## ASSIGNMENT
When you reach the line in the data below that contains "using \<open>\<omega> \<in>", please start repeating lines exactly, and stop after the line that contains "ultimately show False", repeating nothing else.

BEGIN EXERCISE DATA

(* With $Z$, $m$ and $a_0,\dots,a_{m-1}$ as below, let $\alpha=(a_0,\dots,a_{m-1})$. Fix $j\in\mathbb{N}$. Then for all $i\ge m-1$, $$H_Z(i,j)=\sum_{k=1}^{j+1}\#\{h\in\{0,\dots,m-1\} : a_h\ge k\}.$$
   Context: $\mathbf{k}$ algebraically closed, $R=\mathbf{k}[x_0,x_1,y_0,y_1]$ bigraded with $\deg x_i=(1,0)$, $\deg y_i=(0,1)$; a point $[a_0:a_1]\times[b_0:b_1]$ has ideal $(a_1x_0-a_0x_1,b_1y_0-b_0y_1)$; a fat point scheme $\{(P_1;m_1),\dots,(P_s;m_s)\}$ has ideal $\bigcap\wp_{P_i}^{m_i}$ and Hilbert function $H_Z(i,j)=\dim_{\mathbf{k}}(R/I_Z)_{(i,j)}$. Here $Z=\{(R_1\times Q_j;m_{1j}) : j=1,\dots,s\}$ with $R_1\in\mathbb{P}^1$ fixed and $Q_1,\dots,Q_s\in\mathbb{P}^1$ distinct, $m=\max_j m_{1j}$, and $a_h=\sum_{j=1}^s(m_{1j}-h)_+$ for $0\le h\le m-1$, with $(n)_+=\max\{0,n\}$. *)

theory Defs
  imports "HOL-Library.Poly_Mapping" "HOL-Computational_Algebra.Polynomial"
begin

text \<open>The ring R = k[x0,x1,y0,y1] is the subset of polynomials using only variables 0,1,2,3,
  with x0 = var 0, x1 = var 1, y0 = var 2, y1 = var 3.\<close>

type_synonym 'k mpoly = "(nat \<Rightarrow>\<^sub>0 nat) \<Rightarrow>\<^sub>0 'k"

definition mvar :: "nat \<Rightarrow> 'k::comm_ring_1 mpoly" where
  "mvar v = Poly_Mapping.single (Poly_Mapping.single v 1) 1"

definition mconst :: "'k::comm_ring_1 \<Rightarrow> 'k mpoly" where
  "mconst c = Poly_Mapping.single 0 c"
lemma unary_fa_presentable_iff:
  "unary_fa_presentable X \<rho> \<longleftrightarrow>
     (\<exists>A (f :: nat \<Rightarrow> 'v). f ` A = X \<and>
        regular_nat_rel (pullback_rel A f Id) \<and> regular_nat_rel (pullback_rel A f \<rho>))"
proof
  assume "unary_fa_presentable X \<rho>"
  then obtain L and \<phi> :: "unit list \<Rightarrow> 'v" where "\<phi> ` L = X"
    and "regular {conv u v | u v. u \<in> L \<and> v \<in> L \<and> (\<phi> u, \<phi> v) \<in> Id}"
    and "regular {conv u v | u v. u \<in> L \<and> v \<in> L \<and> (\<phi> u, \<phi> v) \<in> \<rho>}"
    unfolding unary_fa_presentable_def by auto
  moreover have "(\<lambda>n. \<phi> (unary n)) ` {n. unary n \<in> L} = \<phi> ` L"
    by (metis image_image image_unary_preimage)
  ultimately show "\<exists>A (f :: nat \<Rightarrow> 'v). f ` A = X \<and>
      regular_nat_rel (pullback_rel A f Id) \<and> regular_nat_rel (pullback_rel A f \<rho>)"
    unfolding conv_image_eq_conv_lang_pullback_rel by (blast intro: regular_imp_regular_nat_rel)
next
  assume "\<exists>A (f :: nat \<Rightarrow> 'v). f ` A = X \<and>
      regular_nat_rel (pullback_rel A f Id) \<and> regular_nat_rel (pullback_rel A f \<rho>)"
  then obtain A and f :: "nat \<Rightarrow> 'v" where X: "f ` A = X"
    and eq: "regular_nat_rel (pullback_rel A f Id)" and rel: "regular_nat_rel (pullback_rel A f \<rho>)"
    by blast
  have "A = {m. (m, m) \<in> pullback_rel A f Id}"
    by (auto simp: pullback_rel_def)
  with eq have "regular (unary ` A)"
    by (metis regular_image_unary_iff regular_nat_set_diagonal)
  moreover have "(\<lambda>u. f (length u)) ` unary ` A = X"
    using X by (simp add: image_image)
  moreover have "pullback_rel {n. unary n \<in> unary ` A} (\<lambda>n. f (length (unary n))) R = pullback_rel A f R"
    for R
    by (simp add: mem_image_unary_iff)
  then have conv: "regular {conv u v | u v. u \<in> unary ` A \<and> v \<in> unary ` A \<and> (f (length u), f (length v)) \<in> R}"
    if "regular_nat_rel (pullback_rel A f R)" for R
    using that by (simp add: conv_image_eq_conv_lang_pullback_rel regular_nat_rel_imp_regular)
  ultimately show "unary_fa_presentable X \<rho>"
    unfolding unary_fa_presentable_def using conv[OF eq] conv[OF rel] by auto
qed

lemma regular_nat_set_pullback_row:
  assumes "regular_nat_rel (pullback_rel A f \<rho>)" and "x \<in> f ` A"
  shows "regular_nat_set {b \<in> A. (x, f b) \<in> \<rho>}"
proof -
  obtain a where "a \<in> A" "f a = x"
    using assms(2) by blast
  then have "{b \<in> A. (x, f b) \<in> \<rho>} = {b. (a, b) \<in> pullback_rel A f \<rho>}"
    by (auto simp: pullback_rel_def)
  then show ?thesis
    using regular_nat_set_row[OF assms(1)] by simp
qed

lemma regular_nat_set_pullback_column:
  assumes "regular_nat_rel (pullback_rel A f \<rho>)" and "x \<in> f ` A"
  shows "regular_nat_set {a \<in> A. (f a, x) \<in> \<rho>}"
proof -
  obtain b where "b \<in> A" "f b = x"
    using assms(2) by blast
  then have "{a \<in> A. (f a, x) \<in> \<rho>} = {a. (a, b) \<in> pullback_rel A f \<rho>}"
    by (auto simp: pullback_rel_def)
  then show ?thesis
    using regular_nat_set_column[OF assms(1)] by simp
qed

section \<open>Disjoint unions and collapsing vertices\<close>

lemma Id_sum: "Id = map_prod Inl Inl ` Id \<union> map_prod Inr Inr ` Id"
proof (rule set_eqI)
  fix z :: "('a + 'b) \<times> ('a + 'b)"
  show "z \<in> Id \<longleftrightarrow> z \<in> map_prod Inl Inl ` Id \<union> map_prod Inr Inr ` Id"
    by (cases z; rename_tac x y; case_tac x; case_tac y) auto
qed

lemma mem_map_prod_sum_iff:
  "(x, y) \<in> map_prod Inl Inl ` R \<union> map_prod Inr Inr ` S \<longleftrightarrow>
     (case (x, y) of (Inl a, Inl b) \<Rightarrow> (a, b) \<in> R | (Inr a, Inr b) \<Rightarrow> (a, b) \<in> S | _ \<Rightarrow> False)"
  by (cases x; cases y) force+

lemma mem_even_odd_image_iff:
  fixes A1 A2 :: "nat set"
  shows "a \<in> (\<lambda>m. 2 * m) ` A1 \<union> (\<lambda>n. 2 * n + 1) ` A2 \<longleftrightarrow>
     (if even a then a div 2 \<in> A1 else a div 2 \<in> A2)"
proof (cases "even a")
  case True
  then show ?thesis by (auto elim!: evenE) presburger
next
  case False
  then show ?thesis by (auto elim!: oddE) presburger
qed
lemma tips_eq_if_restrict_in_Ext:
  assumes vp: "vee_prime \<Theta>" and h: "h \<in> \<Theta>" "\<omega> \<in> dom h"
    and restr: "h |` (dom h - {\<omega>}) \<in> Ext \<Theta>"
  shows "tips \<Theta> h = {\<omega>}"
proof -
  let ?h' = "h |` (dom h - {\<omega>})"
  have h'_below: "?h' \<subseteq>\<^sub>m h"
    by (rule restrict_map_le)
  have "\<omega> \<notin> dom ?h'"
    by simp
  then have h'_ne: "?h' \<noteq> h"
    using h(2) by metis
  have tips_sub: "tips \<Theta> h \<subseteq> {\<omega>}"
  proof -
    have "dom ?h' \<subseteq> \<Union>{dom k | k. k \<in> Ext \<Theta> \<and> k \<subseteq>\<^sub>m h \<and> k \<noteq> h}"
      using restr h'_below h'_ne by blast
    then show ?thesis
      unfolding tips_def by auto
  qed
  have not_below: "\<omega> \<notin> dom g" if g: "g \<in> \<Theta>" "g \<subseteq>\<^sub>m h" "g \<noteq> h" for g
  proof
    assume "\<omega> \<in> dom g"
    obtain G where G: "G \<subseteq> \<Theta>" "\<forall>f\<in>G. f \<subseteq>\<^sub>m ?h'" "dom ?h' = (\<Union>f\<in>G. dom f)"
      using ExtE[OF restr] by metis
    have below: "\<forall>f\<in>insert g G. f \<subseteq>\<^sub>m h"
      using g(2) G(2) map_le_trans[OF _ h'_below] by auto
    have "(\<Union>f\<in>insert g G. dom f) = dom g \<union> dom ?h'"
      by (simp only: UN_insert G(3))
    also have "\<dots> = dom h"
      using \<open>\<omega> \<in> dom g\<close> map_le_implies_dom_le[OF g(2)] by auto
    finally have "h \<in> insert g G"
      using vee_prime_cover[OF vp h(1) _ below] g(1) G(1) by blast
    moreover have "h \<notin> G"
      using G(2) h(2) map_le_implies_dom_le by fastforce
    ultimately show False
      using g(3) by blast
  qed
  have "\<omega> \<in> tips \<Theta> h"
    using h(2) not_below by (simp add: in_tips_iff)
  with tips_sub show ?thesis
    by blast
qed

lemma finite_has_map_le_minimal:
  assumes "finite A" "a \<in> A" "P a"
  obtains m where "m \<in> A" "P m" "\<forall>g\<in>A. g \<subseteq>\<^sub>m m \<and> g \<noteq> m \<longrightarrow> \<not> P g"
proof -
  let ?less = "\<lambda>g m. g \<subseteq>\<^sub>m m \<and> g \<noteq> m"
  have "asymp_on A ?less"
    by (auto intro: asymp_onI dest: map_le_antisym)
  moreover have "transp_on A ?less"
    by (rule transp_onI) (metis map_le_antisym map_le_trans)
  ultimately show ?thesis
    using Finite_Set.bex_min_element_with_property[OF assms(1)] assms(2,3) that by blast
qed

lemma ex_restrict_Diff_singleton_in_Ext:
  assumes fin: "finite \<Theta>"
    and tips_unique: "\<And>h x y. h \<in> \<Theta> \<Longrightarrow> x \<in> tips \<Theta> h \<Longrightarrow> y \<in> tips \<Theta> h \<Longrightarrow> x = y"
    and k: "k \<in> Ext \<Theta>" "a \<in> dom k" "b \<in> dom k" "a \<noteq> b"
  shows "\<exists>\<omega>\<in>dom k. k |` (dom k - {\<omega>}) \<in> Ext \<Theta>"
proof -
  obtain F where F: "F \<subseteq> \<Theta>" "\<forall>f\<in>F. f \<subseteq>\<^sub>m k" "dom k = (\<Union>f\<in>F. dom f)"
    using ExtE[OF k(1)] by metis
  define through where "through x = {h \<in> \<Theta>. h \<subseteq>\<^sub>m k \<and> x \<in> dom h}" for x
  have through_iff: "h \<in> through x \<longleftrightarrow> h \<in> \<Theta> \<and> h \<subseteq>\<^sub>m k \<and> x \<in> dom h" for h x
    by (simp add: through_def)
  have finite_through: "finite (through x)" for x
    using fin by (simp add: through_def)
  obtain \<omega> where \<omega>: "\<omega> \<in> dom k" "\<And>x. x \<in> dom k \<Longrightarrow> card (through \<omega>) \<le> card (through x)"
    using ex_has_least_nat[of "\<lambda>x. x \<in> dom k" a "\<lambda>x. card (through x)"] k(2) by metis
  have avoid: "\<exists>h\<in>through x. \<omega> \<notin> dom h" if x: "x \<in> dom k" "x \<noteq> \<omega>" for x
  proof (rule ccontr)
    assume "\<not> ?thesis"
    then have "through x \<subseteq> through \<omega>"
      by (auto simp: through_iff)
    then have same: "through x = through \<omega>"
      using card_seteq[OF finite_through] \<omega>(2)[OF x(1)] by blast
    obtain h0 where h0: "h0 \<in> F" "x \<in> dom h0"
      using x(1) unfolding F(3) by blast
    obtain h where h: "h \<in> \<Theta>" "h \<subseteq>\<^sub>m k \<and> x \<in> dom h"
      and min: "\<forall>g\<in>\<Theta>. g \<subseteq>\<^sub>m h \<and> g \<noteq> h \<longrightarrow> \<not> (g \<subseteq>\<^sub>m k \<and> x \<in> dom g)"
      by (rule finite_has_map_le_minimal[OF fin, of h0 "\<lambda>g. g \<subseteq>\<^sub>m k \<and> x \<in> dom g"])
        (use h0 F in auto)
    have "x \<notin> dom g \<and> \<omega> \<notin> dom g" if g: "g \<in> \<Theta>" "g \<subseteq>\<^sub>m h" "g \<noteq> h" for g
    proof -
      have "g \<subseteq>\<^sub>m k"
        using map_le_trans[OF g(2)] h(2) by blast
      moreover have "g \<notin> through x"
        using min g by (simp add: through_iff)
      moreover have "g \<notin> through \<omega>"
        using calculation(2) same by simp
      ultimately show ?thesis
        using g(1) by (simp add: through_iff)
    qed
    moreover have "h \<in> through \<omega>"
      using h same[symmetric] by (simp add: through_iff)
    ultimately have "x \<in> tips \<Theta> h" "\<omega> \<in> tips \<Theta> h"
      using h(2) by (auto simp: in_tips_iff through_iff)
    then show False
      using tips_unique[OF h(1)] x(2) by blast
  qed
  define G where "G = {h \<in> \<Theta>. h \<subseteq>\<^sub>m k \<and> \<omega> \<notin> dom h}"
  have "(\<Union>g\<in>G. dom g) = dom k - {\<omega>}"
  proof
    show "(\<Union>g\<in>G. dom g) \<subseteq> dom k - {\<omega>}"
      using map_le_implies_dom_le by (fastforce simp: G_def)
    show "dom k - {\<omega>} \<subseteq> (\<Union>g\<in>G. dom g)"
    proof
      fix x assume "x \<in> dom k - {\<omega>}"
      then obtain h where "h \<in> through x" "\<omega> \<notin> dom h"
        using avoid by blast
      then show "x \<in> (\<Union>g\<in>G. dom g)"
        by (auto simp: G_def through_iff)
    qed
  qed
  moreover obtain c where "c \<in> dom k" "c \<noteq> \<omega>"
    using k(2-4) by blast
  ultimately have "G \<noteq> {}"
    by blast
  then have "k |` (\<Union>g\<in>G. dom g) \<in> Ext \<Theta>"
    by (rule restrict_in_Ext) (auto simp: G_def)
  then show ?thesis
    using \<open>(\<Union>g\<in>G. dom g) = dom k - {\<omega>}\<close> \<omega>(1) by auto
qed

END EXERCISE DATA

## RESPONSE AREA
      using \<open>\<omega> \<in> dom g\<close> map_le_implies_dom_le[OF g(2)] by auto
    finally have "h \<in> insert g G"
      using vee_prime_cover[OF vp h(1) _ below] g(1) G(1) by blast
    moreover have "h \<notin> G"
      using G(2) h(2) map_le_implies_dom_le by fastforce
    ultimately show False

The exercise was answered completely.